→ **Work request**:
Below are entries; output exactly the lines from the one with "by (intro mult_left_mono power_mono" to the one with "text \<open>The choice", both included, and nothing else.

─── Records supplied ───

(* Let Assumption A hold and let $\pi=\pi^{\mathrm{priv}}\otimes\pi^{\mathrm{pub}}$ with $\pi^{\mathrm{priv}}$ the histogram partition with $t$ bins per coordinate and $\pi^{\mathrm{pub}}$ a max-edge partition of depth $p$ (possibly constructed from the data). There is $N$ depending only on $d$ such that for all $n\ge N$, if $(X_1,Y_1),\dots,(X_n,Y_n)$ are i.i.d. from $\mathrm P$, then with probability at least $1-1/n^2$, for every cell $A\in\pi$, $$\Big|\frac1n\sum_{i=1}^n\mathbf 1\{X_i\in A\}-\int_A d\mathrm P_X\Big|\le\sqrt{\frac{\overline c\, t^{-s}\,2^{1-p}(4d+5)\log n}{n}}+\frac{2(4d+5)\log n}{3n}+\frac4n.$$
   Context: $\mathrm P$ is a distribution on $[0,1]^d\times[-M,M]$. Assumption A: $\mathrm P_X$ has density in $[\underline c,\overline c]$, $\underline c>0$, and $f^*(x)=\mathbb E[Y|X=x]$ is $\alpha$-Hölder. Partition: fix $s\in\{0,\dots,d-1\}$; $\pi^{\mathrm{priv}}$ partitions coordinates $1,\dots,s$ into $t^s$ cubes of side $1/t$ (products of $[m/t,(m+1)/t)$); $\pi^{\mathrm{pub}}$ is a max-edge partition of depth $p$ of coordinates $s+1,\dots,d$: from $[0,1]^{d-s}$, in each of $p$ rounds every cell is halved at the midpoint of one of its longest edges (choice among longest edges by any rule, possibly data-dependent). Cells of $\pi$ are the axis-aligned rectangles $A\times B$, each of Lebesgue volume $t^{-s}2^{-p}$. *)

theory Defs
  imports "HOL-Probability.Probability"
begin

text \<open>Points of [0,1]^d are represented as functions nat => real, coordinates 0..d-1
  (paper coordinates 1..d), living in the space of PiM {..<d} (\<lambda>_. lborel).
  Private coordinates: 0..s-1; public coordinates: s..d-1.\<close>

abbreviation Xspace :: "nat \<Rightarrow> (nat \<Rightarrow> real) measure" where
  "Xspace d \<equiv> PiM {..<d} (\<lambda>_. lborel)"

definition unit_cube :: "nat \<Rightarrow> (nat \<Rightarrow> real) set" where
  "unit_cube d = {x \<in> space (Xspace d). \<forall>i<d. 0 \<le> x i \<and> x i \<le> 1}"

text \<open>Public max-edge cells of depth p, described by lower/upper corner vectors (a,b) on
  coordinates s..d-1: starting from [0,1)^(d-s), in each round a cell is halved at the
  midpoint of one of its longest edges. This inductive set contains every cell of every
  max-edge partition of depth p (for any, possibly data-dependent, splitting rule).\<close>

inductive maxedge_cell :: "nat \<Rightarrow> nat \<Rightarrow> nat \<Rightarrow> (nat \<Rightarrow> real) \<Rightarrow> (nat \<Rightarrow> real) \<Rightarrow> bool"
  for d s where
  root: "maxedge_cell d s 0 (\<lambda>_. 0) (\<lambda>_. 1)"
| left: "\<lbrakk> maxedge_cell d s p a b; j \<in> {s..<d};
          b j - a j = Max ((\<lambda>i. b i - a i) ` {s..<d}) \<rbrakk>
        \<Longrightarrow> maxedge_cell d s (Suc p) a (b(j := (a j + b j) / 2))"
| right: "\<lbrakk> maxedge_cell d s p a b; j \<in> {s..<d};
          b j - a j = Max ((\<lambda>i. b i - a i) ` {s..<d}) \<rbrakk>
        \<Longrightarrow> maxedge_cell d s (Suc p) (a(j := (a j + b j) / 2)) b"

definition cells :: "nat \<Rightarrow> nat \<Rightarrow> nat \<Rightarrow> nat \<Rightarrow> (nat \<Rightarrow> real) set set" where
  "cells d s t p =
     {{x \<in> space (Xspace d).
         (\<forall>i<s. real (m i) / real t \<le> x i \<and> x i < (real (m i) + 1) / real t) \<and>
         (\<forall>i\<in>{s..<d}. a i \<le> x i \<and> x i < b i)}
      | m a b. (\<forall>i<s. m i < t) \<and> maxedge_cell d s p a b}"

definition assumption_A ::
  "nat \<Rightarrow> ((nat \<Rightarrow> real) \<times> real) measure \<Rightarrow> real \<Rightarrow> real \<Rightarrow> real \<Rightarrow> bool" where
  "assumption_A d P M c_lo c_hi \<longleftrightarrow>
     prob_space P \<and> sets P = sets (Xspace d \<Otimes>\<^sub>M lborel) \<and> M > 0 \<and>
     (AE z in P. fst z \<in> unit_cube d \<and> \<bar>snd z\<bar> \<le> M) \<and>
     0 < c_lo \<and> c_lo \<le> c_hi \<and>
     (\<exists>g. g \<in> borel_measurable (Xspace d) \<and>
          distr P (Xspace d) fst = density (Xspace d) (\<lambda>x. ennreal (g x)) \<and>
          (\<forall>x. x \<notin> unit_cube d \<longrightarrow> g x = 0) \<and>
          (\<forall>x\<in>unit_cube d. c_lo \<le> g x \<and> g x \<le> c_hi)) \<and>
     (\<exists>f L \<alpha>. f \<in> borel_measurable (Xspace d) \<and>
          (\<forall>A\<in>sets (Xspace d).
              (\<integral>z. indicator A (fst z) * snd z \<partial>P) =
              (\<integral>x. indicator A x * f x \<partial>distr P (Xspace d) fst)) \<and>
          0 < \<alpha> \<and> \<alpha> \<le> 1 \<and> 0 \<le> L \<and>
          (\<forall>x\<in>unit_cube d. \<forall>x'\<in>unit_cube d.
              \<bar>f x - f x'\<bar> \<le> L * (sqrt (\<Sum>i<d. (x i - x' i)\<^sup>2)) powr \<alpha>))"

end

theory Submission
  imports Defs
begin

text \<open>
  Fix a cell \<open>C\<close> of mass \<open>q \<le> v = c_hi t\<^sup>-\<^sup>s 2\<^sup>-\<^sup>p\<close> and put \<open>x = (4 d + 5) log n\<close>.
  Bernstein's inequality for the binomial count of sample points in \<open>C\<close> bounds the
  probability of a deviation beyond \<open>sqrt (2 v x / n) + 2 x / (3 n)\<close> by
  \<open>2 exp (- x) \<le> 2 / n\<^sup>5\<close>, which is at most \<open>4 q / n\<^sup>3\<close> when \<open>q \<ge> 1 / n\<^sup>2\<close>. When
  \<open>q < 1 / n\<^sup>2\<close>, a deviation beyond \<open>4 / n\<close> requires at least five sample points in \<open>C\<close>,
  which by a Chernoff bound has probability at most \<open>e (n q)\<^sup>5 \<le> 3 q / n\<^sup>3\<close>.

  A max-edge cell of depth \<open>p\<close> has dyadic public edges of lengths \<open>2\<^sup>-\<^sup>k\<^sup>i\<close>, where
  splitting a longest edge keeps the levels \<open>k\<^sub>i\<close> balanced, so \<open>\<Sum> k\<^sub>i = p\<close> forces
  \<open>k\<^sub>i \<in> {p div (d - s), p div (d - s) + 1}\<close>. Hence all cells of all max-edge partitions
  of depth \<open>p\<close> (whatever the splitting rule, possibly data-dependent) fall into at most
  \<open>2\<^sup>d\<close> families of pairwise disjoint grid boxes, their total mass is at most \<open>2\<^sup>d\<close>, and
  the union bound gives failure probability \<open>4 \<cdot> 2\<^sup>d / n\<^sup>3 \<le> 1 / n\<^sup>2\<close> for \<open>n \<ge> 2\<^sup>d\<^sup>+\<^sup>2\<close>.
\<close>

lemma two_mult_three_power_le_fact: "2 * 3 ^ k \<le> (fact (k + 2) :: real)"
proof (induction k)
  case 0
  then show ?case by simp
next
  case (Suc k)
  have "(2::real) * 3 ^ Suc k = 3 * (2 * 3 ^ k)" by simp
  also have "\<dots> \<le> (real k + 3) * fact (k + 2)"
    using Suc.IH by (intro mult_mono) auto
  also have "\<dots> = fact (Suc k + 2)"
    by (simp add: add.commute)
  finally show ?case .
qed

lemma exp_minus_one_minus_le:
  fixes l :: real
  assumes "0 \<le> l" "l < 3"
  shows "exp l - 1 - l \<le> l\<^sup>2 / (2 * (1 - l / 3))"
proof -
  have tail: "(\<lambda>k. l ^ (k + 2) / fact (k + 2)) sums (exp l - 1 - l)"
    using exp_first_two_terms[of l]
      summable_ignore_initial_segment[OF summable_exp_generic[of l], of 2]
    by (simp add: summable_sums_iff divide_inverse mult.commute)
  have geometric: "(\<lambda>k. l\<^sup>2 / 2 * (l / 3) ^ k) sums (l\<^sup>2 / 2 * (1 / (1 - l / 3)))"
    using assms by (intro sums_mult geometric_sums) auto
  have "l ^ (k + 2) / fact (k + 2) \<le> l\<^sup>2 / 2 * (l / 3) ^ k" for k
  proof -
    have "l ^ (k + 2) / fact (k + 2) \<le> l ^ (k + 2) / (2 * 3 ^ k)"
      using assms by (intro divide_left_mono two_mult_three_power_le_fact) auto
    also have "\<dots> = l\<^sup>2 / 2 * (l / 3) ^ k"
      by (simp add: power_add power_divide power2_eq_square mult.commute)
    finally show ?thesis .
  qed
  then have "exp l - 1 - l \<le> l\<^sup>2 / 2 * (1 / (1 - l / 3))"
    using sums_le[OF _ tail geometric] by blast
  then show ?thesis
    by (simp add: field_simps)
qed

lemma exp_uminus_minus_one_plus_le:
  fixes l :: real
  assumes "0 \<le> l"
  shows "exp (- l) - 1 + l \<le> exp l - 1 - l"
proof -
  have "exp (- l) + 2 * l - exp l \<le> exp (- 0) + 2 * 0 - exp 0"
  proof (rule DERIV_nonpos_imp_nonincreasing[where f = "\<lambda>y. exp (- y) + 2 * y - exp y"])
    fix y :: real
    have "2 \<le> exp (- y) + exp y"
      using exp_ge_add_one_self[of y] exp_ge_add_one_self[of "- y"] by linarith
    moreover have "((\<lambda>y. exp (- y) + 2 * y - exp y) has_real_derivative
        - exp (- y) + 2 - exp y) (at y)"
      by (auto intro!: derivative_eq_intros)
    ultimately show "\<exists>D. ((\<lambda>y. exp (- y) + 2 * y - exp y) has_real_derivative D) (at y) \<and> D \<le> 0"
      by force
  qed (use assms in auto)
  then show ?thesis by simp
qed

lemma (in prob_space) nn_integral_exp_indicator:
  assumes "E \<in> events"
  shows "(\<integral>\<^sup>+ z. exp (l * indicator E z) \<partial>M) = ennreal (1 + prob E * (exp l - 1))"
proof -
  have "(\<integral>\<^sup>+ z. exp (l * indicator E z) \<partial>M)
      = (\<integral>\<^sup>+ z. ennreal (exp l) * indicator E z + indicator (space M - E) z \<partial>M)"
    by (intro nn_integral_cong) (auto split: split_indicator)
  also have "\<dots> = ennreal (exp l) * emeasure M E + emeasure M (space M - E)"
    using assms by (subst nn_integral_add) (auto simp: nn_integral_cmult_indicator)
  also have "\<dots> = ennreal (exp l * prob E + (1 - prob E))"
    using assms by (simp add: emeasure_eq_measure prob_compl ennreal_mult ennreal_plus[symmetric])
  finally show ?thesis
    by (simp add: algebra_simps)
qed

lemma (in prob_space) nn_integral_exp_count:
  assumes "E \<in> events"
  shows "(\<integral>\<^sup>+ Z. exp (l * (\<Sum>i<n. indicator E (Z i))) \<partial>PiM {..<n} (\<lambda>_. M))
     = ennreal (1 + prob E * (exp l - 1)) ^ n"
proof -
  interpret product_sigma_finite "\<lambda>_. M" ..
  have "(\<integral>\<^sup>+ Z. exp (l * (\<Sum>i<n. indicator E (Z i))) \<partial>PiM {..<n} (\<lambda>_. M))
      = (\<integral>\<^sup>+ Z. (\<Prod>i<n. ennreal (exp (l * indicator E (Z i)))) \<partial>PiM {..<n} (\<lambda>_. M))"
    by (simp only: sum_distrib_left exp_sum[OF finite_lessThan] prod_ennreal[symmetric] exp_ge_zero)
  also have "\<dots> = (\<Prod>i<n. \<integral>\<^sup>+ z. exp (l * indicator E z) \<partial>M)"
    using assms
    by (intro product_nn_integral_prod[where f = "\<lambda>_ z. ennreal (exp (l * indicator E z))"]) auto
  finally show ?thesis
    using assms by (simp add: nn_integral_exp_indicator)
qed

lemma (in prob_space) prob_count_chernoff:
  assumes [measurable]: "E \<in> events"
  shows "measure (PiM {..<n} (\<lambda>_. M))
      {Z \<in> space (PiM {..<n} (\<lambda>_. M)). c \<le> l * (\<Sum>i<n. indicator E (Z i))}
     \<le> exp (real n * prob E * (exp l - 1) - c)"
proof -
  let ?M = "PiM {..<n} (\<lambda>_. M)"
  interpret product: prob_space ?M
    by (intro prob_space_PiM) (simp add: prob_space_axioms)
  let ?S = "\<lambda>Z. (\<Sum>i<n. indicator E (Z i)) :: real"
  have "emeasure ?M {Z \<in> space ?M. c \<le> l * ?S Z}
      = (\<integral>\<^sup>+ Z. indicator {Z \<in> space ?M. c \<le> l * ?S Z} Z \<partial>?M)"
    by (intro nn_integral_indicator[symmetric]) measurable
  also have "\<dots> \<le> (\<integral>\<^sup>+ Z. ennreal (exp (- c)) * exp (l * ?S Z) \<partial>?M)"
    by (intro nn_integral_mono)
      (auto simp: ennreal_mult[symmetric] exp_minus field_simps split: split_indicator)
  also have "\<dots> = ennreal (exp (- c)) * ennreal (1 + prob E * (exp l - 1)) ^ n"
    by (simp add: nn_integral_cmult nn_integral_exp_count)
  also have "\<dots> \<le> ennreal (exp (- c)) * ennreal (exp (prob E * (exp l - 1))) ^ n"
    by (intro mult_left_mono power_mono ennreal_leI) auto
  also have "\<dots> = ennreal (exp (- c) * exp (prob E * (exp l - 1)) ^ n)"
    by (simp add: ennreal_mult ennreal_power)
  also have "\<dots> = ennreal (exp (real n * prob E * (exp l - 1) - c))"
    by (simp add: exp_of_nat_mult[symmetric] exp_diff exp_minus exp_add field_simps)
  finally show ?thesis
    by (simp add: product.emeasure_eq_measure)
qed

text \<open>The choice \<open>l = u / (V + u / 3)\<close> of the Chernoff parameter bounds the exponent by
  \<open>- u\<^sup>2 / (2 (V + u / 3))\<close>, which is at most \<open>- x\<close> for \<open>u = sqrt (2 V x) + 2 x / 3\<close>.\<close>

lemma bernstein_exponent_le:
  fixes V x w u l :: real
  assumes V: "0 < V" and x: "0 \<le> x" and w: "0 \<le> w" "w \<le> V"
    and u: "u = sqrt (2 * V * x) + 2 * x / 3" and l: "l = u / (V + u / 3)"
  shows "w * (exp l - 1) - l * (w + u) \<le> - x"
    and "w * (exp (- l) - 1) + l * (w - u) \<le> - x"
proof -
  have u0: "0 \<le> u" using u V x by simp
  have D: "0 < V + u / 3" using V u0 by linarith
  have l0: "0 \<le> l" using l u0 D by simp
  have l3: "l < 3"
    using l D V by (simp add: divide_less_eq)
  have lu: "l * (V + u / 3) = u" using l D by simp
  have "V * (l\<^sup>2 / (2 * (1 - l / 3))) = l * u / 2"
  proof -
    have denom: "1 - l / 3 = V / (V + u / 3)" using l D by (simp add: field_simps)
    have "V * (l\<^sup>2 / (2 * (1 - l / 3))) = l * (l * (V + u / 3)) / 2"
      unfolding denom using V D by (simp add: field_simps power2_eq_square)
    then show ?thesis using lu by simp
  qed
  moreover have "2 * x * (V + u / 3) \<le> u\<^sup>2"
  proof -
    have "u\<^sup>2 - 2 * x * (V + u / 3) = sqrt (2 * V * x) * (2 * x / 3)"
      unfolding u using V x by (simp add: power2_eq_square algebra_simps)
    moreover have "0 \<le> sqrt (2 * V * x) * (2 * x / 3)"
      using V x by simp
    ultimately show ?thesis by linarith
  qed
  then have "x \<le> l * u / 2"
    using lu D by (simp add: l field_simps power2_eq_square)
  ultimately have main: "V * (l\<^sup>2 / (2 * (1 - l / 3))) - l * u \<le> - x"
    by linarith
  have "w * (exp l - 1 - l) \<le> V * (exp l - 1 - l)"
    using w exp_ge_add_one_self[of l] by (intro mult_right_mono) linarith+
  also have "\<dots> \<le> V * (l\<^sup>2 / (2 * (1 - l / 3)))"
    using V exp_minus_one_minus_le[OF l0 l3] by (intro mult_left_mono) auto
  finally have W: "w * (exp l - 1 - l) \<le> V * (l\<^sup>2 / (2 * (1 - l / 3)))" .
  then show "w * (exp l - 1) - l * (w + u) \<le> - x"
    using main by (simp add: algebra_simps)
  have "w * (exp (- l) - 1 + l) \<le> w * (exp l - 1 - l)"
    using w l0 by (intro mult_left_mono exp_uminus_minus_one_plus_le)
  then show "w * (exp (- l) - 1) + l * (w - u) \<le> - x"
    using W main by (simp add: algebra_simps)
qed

───

→ **Written response**:
    by (intro mult_left_mono power_mono ennreal_leI) auto
  also have "\<dots> = ennreal (exp (- c) * exp (prob E * (exp l - 1)) ^ n)"
    by (simp add: ennreal_mult ennreal_power)
  also have "\<dots> = ennreal (exp (real n * prob E * (exp l - 1) - c))"
    by (simp add: exp_of_nat_mult[symmetric] exp_diff exp_minus exp_add field_simps)
  finally show ?thesis
    by (simp add: product.emeasure_eq_measure)
qed

text \<open>The choice \<open>l = u / (V + u / 3)\<close> of the Chernoff parameter bounds the exponent by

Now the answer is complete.